WHAT NEEDS TO BE DONE> Gather all lines in the entries that include the word "longleftrightarrow".
DATA START
(* Let $\mathcal{X}$ be a finite state space and let $(Q_t)_{t\in[0,1]}$ be a family of transition-rate matrices on $\mathcal{X}$. Let $r_t(x,y)\ge 0$ and $\hat r_t(x,y)>0$ ($x\neq y$, $t\in[0,1]$) be functions such that the two families of matrices $Q^*_t(y,x):=Q_t(x,y)\,r_t(x,y)$ and $\hat Q_t(y,x):=Q_t(x,y)\,\hat r_t(x,y)$ (for $y\neq x$, with diagonals chosen so that columns sum to zero) are transition-rate matrices. Consider two CTMCs running backwards in time from $t=1$ to $t=0$: the first has, at time $t$, rate $Q^*_t(y,x)=Q_t(x,y)r_t(x,y)$ of jumping from $x$ to $y$ and initial (time-$1$) distribution $q^*_1$; the second has jump rate $\hat Q_t(y,x)=Q_t(x,y)\hat r_t(x,y)$ from $x$ to $y$ and initial distribution $\hat q_1$. Denote by $q^*_t$ and $\hat q_t$ their respective marginal distributions at time $t$. Then $$D_{KL}(q^*_0\,\|\,\hat q_0)\le \int_0^1 \mathbb{E}_{x_t\sim q^*_t}\sum_{y\neq x_t} Q_t(x_t,y)\,\ell\big(r_t(x_t,y),\hat r_t(x_t,y)\big)\,dt + D_{KL}(q^*_1\,\|\,\hat q_1).$$
   Context: A transition-rate matrix $Q$ on a finite set $\mathcal{X}$ is a matrix indexed by $\mathcal{X}\times\mathcal{X}$ with nonnegative off-diagonal entries and with every column summing to zero; $Q(x,y)$ for $x\neq y$ is the rate of jumping from state $y$ to state $x$. Define $K(a)=a(\log a-1)$ (with $K(0)=0$) and $\ell(a,b)=b-a\log b+K(a)$ for $a\ge 0$, $b>0$. $D_{KL}$ is the Kullback–Leibler divergence. All time-dependent quantities are assumed regular enough (e.g. continuous in $t$) for the processes and integrals to be well defined. *)

theory Defs
  imports "HOL-Analysis.Analysis"
begin

definition Kfun :: "real \<Rightarrow> real" where
  "Kfun a = (if a = 0 then 0 else a * (ln a - 1))"

definition ellfun :: "real \<Rightarrow> real \<Rightarrow> real" where
  "ellfun a b = b - a * ln b + Kfun a"

text \<open>Transition-rate matrix on a finite type: nonnegative off-diagonal entries,
  every column sums to zero. Q x y is the rate of jumping from y to x.\<close>
definition rate_matrix :: "('x::finite \<Rightarrow> 'x \<Rightarrow> real) \<Rightarrow> bool" where
  "rate_matrix Q \<longleftrightarrow> (\<forall>x y. x \<noteq> y \<longrightarrow> Q x y \<ge> 0) \<and> (\<forall>y. (\<Sum>x\<in>UNIV. Q x y) = 0)"

definition prob_vec :: "('x::finite \<Rightarrow> real) \<Rightarrow> bool" where
  "prob_vec p \<longleftrightarrow> (\<forall>x. p x \<ge> 0) \<and> (\<Sum>x\<in>UNIV. p x) = 1"

definition KL :: "('x::finite \<Rightarrow> real) \<Rightarrow> ('x \<Rightarrow> real) \<Rightarrow> ereal" where
  "KL p q = (if (\<forall>x. p x > 0 \<longrightarrow> q x > 0)
             then ereal (\<Sum>x\<in>UNIV. if p x = 0 then 0 else p x * ln (p x / q x))
             else \<infinity>)"

text \<open>Generator built from Q and a ratio function r: G y x = Q x y * r x y for y \<noteq> x
  (rate of jumping from x to y), diagonal chosen so columns sum to zero.\<close>
definition gen :: "('x::finite \<Rightarrow> 'x \<Rightarrow> real) \<Rightarrow> ('x \<Rightarrow> 'x \<Rightarrow> real) \<Rightarrow> 'x \<Rightarrow> 'x \<Rightarrow> real" where
  "gen Q r y x = (if y = x then - (\<Sum>z\<in>UNIV - {x}. Q x z * r x z) else Q x y * r x y)"

text \<open>Marginals of a CTMC run backwards in time from t=1 to t=0 with generator G t
  (G t y x = rate of jumping from x to y at time t): Kolmogorov forward equation
  in reversed time s = 1 - t, i.e.  d/dt q_t(y) = - sum_x G_t(y,x) q_t(x).\<close>
definition backward_marginals ::
  "(real \<Rightarrow> 'x::finite \<Rightarrow> 'x \<Rightarrow> real) \<Rightarrow> (real \<Rightarrow> 'x \<Rightarrow> real) \<Rightarrow> bool" where
  "backward_marginals G q \<longleftrightarrow>
     (\<forall>t\<in>{0..1}. \<forall>y. ((\<lambda>s. q s y) has_real_derivative
        (- (\<Sum>x\<in>UNIV. G t y x * q t x))) (at t within {0..1}))"

end

theory Submission
  imports Defs "HOL-Real_Asymp.Real_Asymp"
begin

text \<open>
  Shift both marginals away from zero: \<open>P t = qs t + \<epsilon>\<close> and
  \<open>R t = qh t + \<epsilon> exp (K (1 - t))\<close>, where \<open>K\<close> bounds the row sums of the generator of the
  second chain. Along the backward equations the shifted divergence
  \<open>F t = \<Sum>x. P t x ln (P t x / R t x)\<close> has derivative at least
  \<open>- \<Sum>x. P t x \<Sum>y\<noteq>x. Q t x y \<ell>(r t x y, rh t x y)\<close> up to an error \<open>O(\<epsilon> ln (1/\<epsilon>))\<close>:
  after pairing the jump terms, the pair \<open>(x, y)\<close> contributes
  \<open>Q t x y P t x (r ln s - rh (s - 1))\<close>, where \<open>s\<close> is the ratio of the likelihood ratios
  \<open>P/R\<close> at \<open>y\<close> and at \<open>x\<close>, and \<open>a ln s - b (s - 1) \<le> \<ell>(a, b)\<close> since \<open>\<ell>(a, b s) \<ge> 0\<close>.
  The exponentially growing shift makes \<open>R\<close> a supersolution of the backward equation, which
  gives the remaining term a sign. Integrating over \<open>[0,1]\<close> and letting \<open>\<epsilon> \<rightarrow> 0\<close> proves the
  claim; in the extended reals the shifted divergences converge to the possibly infinite
  divergences. The bounds \<open>0 \<le> q \<le> 1\<close> on the marginals come from conservation of mass and
  a Gronwall argument for the squared negative part.
\<close>

lemma has_real_derivative_nonneg_imp_le:
  fixes f :: "real \<Rightarrow> real"
  assumes "a \<le> b" "{a..b} \<subseteq> S"
    and deriv: "\<And>s. s \<in> {a..b} \<Longrightarrow> \<exists>y. (f has_real_derivative y) (at s within S) \<and> y \<ge> 0"
  shows "f a \<le> f b"
proof (rule DERIV_nonneg_imp_increasing_open[OF \<open>a \<le> b\<close>])
  fix s assume "a < s" "s < b"
  then have "s \<in> interior S"
    using interior_mono[OF assms(2)] by auto
  then have "at s within S = at s"
    by (rule at_within_interior)
  with \<open>a < s\<close> \<open>s < b\<close> show "\<exists>y. DERIV f s :> y \<and> y \<ge> 0"
    using deriv[of s] by auto
next
  have "continuous (at s within {a..b}) f" if "s \<in> {a..b}" for s
    using deriv[OF that] assms(2) by (auto dest: DERIV_continuous intro: continuous_within_subset)
  then show "continuous_on {a..b} f"
    by (simp add: continuous_on_eq_continuous_within)
qed

lemma le_integral_of_has_real_derivative_ge:
  fixes F g :: "real \<Rightarrow> real"
  assumes "a \<le> b" "continuous_on {a..b} g"
    and deriv: "\<And>t. t \<in> {a..b} \<Longrightarrow>
      \<exists>D. (F has_real_derivative D) (at t within {a..b}) \<and> D \<ge> - g t - c"
  shows "F a \<le> F b + integral {a..b} g + c * (b - a)"
proof -
  define H where "H s = F s + integral {a..s} g + c * s" for s
  have "H a \<le> H b"
  proof (rule has_real_derivative_nonneg_imp_le[OF \<open>a \<le> b\<close> order_refl])
    fix t assume t: "t \<in> {a..b}"
    then obtain D where D: "(F has_real_derivative D) (at t within {a..b})" "D \<ge> - g t - c"
      using deriv by blast
    have "(H has_real_derivative D + g t + c) (at t within {a..b})"
      unfolding H_def
      using DERIV_add[OF DERIV_add[OF D(1) integral_has_real_derivative[OF assms(2) t]]
          DERIV_cmult[OF DERIV_ident, of c]] by simp
    with D(2) show "\<exists>y. (H has_real_derivative y) (at t within {a..b}) \<and> y \<ge> 0"
      by (intro exI[of _ "D + g t + c"]) auto
  qed
  then show ?thesis
    by (simp add: H_def algebra_simps)
qed

lemma gronwall_backward_nonpos:
  fixes N N' :: "real \<Rightarrow> real"
  assumes "t \<le> b" "{t..b} \<subseteq> S"
    and deriv: "\<And>s. s \<in> {t..b} \<Longrightarrow> (N has_real_derivative N' s) (at s within S)"
    and ge: "\<And>s. s \<in> {t..b} \<Longrightarrow> N' s + C * N s \<ge> 0" and "N b \<le> 0"
  shows "N t \<le> 0"
proof -
  have "N t * exp (C * t) \<le> N b * exp (C * b)"
  proof (rule has_real_derivative_nonneg_imp_le[OF assms(1,2)])
    fix s assume s: "s \<in> {t..b}"
    have "((\<lambda>s. exp (C * s)) has_real_derivative exp (C * s) * C) (at s within S)"
      by (auto intro!: derivative_eq_intros)
    from DERIV_mult[OF deriv[OF s] this]
    have "((\<lambda>s. N s * exp (C * s)) has_real_derivative (N' s + C * N s) * exp (C * s)) (at s within S)"
      by (rule DERIV_cong) (simp add: algebra_simps)
    moreover have "(N' s + C * N s) * exp (C * s) \<ge> 0"
      using ge[OF s] by simp
    ultimately show "\<exists>y. ((\<lambda>s. N s * exp (C * s)) has_real_derivative y) (at s within S) \<and> y \<ge> 0"
      by blast
  qed
  also have "\<dots> \<le> 0"
    using \<open>N b \<le> 0\<close> by (simp add: mult_nonpos_nonneg)
  finally show ?thesis
    by (simp add: mult_le_0_iff)
qed

lemma continuous_on_compact_bound_finite:
  fixes f :: "'a::topological_space \<Rightarrow> 'i::finite \<Rightarrow> real"
  assumes "compact A" "\<And>i. continuous_on A (\<lambda>t. f t i)"
  shows "\<exists>B\<ge>0. \<forall>t\<in>A. \<forall>i. \<bar>f t i\<bar> \<le> B"
proof -
  have "continuous_on A (\<lambda>t. \<Sum>i\<in>UNIV. \<bar>f t i\<bar>)"
    using assms(2) by (intro continuous_intros)
  then obtain B where "B \<ge> 0" and B: "\<And>t. t \<in> A \<Longrightarrow> norm (\<Sum>i\<in>UNIV. \<bar>f t i\<bar>) \<le> B"
    using continuous_on_compact_bound[OF assms(1)] by blast
  have "\<bar>f t i\<bar> \<le> B" if "t \<in> A" for t i
  proof -
    have "\<bar>f t i\<bar> \<le> (\<Sum>i\<in>UNIV. \<bar>f t i\<bar>)"
      by (rule member_le_sum) auto
    also have "\<dots> \<le> B"
      using B[OF that] by (simp add: abs_le_iff)
    finally show ?thesis .
  qed
  with \<open>B \<ge> 0\<close> show ?thesis
    by blast
qed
DATA END
ANSWER TO THIS PROBLEM>
  "rate_matrix Q \<longleftrightarrow> (\<forall>x y. x \<noteq> y \<longrightarrow> Q x y \<ge> 0) \<and> (\<forall>y. (\<Sum>x\<in>UNIV. Q x y) = 0)"
  "prob_vec p \<longleftrightarrow> (\<forall>x. p x \<ge> 0) \<and> (\<Sum>x\<in>UNIV. p x) = 1"
  "backward_marginals G q \<longleftrightarrow>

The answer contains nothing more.